● **Records excerpted from a collection**:
=== Begin Enclosure ===
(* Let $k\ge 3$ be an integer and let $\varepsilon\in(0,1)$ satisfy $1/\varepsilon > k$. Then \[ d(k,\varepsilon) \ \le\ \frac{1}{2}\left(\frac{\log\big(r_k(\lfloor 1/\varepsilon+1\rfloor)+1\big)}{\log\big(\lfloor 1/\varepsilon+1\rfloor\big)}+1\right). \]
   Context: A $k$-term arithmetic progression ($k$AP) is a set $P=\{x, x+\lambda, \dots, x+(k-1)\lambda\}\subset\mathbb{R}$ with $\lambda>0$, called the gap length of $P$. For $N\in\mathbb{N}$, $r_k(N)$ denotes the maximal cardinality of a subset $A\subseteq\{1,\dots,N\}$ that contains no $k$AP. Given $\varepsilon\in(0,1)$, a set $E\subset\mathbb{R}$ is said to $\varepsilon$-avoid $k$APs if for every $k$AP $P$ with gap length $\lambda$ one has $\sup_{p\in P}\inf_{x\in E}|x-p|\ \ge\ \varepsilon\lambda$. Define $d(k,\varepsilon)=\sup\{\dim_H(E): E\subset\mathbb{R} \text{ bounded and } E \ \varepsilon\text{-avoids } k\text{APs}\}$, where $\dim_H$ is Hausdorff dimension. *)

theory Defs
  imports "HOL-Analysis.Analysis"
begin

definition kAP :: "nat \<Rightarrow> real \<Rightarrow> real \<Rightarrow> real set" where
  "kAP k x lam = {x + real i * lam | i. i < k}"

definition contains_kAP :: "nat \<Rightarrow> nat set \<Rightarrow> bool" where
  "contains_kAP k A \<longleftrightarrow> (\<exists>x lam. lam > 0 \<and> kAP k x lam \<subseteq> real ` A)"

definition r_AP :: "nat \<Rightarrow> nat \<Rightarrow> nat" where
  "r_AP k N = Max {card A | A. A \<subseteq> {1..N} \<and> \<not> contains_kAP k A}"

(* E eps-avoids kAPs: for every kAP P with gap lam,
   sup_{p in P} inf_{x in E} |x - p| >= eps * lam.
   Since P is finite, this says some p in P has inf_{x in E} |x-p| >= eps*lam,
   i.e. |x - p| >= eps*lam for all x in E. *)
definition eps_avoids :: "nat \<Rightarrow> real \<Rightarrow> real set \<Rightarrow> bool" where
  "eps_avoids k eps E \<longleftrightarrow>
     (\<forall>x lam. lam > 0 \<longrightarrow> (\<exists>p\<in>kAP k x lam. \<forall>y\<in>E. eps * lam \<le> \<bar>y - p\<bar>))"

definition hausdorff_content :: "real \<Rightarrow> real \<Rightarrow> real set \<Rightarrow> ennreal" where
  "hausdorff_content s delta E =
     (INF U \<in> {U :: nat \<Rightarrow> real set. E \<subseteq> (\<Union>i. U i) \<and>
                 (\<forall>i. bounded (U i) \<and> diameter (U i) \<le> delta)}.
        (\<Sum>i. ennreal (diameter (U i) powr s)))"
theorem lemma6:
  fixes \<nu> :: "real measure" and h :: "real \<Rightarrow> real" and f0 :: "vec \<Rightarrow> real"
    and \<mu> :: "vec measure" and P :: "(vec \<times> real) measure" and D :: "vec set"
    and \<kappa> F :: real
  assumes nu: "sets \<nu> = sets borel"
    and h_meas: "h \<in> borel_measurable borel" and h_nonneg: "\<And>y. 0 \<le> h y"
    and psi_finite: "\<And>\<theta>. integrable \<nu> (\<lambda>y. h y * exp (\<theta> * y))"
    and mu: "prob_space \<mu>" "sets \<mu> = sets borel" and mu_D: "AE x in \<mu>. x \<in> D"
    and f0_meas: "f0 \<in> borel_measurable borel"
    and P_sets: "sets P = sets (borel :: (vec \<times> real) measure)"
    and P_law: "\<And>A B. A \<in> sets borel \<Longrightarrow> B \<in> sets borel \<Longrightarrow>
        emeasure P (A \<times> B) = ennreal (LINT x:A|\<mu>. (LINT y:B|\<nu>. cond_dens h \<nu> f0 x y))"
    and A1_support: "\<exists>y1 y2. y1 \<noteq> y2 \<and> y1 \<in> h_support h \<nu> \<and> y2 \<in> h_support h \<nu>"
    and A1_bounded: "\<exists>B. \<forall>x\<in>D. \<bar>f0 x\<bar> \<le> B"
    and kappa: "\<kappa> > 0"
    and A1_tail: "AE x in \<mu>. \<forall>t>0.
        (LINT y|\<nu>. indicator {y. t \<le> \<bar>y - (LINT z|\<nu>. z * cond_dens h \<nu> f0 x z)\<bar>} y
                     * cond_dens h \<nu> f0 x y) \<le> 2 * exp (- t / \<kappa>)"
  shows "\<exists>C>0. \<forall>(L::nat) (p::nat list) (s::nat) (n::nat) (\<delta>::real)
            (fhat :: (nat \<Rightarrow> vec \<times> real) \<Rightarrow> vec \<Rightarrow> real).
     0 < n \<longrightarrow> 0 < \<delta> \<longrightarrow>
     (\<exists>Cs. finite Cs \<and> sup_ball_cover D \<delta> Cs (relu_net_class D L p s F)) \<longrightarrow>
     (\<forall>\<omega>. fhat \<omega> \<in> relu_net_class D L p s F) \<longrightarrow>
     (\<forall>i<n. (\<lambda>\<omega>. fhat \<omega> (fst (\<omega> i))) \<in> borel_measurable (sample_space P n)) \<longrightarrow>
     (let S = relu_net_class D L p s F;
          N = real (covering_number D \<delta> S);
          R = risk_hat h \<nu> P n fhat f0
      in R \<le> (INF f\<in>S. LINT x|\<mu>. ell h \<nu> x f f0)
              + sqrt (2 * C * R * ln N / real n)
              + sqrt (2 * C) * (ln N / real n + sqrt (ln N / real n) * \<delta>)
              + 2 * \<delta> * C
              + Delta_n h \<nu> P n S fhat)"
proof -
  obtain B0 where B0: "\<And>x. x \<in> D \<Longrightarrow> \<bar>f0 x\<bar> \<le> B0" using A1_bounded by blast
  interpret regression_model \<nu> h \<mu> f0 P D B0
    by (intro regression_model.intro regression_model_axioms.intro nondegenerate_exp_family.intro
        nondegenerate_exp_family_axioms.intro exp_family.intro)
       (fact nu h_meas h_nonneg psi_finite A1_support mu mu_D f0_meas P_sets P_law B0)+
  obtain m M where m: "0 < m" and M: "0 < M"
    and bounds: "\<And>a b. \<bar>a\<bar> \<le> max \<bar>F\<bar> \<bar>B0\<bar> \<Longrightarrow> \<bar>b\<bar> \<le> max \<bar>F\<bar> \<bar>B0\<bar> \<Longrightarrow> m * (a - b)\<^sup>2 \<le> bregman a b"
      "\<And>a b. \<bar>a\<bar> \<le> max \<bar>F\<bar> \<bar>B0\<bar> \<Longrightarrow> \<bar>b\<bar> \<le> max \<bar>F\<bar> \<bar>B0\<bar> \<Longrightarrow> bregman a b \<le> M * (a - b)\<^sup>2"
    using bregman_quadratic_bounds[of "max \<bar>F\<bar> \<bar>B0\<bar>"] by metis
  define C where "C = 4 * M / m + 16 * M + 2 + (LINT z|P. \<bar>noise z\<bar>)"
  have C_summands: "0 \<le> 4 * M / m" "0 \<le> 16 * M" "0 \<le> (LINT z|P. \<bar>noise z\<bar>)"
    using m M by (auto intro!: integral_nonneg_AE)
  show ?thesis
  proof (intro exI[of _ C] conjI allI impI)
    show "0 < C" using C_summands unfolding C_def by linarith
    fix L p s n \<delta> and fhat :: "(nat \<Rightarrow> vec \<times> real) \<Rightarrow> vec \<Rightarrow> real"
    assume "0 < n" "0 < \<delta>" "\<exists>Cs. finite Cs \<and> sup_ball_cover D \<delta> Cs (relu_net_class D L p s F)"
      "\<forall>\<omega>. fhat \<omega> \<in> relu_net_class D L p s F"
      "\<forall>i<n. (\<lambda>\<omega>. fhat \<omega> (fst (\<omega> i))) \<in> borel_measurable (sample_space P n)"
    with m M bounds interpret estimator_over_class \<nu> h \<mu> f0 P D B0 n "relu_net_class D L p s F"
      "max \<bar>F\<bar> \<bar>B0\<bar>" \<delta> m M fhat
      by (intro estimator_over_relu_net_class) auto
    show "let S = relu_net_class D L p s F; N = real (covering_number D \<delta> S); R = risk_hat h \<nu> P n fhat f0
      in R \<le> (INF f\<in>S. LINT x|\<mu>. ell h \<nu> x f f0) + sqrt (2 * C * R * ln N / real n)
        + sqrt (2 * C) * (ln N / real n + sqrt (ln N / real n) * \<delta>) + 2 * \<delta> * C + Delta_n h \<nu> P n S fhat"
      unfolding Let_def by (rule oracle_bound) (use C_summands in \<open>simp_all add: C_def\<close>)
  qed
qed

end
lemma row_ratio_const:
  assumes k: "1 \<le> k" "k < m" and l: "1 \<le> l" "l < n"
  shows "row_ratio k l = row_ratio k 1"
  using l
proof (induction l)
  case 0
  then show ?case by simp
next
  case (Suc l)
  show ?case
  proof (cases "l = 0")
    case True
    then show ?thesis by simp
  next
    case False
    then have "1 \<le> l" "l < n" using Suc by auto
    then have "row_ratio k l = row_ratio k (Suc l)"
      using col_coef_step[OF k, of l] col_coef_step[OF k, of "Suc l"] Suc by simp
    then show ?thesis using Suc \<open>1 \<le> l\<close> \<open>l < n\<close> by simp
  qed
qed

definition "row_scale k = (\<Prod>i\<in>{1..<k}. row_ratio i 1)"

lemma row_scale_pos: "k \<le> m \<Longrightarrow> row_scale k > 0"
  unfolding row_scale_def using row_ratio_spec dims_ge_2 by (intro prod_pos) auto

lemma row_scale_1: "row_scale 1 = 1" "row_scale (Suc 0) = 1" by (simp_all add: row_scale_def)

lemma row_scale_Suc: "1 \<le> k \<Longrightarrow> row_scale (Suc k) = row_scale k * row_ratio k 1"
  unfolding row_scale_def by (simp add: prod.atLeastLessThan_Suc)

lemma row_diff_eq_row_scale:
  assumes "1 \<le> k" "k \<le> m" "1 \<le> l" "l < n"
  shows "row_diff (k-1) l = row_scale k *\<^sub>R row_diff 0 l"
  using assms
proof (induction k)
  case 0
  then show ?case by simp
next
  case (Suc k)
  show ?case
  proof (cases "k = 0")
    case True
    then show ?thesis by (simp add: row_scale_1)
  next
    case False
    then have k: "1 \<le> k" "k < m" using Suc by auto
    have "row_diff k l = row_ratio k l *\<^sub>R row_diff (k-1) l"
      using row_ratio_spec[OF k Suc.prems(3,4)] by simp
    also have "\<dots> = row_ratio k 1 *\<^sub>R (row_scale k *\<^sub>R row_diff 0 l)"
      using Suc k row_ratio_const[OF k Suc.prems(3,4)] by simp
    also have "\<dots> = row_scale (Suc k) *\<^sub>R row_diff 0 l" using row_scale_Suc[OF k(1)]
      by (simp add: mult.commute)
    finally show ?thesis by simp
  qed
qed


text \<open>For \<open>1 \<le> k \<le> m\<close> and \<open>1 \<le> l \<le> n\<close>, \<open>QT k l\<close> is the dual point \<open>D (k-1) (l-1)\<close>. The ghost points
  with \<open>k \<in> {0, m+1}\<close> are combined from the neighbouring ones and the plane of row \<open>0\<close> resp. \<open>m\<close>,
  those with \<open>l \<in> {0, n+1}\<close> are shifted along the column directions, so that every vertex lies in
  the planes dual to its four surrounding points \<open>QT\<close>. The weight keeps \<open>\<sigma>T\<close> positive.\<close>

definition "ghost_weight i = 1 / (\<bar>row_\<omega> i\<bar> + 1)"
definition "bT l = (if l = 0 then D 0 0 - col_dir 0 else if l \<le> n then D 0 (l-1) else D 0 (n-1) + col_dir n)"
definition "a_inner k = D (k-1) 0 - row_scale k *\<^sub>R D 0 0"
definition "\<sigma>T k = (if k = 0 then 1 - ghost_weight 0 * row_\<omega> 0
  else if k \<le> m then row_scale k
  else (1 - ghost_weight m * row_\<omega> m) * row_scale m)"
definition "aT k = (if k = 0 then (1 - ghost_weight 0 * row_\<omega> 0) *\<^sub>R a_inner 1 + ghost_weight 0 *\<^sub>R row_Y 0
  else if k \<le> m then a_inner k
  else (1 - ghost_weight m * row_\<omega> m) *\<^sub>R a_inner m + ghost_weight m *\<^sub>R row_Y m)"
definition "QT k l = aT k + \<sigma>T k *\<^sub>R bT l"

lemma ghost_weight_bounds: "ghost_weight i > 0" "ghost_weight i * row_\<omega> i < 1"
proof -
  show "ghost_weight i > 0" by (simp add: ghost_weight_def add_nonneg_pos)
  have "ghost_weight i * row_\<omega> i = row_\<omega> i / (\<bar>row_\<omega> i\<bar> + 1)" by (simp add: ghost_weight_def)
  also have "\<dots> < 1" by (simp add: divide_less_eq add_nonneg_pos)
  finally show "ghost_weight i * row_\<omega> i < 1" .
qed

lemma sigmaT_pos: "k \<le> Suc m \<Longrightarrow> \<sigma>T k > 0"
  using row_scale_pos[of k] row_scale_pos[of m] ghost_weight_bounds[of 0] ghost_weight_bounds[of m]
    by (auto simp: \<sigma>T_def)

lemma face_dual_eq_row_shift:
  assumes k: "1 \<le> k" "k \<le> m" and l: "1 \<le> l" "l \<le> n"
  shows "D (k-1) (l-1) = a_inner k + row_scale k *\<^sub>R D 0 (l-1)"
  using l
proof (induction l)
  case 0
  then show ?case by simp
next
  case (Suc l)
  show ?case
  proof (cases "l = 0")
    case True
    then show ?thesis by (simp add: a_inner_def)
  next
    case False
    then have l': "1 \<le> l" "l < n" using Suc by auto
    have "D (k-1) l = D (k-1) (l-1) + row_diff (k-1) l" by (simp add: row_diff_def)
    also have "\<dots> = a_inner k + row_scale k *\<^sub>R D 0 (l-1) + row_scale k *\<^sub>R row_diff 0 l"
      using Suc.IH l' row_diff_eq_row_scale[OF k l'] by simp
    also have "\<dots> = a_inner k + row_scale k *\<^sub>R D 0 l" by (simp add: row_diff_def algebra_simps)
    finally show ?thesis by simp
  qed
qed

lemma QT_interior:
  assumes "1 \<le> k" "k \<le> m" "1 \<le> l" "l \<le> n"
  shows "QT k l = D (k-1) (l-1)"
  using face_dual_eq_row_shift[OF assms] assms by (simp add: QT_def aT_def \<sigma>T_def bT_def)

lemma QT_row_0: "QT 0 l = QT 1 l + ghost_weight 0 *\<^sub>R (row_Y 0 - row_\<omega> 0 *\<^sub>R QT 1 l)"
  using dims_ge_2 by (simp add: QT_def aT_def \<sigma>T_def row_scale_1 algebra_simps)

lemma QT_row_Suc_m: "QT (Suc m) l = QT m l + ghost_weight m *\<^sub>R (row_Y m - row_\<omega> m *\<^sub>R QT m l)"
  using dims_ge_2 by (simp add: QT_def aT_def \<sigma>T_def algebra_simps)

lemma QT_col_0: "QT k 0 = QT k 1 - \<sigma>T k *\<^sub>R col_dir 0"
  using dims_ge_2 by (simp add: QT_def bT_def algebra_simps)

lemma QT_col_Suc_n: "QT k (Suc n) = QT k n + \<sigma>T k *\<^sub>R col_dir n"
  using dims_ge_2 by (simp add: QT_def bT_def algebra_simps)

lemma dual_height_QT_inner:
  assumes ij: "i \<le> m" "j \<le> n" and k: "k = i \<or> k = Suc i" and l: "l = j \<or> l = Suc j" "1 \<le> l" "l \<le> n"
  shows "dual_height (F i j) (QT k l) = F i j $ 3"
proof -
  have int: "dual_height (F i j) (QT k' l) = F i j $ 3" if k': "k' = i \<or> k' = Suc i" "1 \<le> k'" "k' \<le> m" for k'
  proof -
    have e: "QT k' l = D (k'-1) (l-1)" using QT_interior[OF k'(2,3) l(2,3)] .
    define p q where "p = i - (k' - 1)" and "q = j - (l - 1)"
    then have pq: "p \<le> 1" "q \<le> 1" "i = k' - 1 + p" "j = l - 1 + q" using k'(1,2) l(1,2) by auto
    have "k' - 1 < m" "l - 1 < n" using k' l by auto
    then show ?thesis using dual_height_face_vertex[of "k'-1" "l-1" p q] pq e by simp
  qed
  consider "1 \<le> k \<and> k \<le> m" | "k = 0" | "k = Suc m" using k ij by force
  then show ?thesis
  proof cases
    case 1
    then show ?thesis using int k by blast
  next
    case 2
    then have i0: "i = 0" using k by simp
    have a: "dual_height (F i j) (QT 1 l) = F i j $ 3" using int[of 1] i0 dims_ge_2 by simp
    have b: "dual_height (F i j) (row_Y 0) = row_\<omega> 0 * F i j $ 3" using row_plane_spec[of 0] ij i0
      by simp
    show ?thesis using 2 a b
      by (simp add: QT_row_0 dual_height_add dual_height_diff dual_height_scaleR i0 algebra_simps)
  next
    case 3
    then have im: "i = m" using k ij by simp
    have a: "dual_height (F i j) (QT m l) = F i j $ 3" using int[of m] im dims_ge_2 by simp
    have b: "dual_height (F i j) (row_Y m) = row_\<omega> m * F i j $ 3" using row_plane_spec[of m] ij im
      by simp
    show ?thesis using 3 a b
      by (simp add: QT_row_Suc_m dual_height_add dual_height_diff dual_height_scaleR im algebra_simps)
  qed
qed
=== End Enclosure ===
The answer must be every line of the data that holds the word "obtain".

● **OUTPUT BELOW**:
  obtain B0 where B0: "\<And>x. x \<in> D \<Longrightarrow> \<bar>f0 x\<bar> \<le> B0" using A1_bounded by blast
  obtain m M where m: "0 < m" and M: "0 < M"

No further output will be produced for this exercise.